= Coates baronets =

Baronetcy in the Baronetage of the United Kingdom

The Coates Baronetcy, of Haypark in the City of Belfast, is a title in the Baronetage of the United Kingdom (see also Milnes Coates baronets, which is a separate baronetcy in England and Coats baronets, which is a separate baronetcy in Scotland). It was created on 15 July 1921 for William Coates.

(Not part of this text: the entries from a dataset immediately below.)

(* Let $\mathcal{A}$ be a finite set of positive integers, let $w \leqslant z$ be real numbers, let $0 < m_0 \leqslant 1$, and let $m_1, m_2$ be real numbers with $(m_1, m_2) \in \mathcal{U}$. Then $$ S(\mathcal{A}, z) \geqslant S(\mathcal{A}, w) - \frac{m_0m_1 + m_0m_2 + m_1m_2 - m_0 - m_1 - m_2 + 1}{m_0m_1m_2} \sum_{w \leqslant p_1 < z} S(\mathcal{A}_{p_1}, w) + \frac{2(m_0 + m_1 + m_2 - 3)}{m_0m_1m_2} \sum_{w \leqslant p_2 < p_1 < z} S(\mathcal{A}_{p_1p_2}, w) - \frac{6}{m_0m_1m_2} \sum_{w \leqslant p_3 < p_2 < p_1 < z} S(\mathcal{A}_{p_1p_2p_3}, w). $$
   Context: Throughout, $p, p_1, p_2, \dots$ denote prime numbers. For a finite set $\mathcal{A}$ of positive integers and a positive integer $d$, $\mathcal{A}_d = \{a : ad \in \mathcal{A}\}$. For real $z$, $S(\mathcal{A}, z)$ denotes the number of $a \in \mathcal{A}$ having no prime factor less than $z$. Let $T = (0,1] \cup [2,3] \cup [4,5] \cup \cdots$, i.e. $T$ is the union of $(0,1]$ and the intervals $[k-1,k]$ over all odd integers $k \geqslant 3$, and let $\mathcal{U} = \{(x_1, x_2) : x_1, x_2 \in T,\ |x_1 - x_2| \leqslant 1\}$. *)

theory Defs
  imports "HOL-Computational_Algebra.Primes" Complex_Main
begin

definition sift :: "nat set \<Rightarrow> real \<Rightarrow> nat" where
  "sift A z = card {a \<in> A. \<forall>p. prime p \<and> real p < z \<longrightarrow> \<not> p dvd a}"

definition subseq_d :: "nat set \<Rightarrow> nat \<Rightarrow> nat set" where
  "subseq_d A d = {a. a * d \<in> A}"

definition T_set :: "real set" where
  "T_set = {0<..1} \<union> (\<Union>k\<in>{k::nat. odd k \<and> k \<ge> 3}. {real k - 1 .. real k})"

definition U_set :: "(real \<times> real) set" where
  "U_set = {(x1, x2). x1 \<in> T_set \<and> x2 \<in> T_set \<and> \<bar>x1 - x2\<bar> \<le> 1}"

definition primes_between :: "real \<Rightarrow> real \<Rightarrow> nat set" where
  "primes_between w z = {p. prime p \<and> w \<le> real p \<and> real p < z}"

end

theory Submission
  imports Defs
begin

He was a senior partner of William F. Coates & Co, stockbrokers, of Belfast, Lord Mayor of Belfast in 1920, 1921, 1922, 1929 and 1930 and a member of the Senate of Northern Ireland. He was succeeded by his son, the second Baronet. He was a brigadier in the Royal Tank Regiment. As of 2025 the title is held by his son, the third Baronet, who succeeded in 1994.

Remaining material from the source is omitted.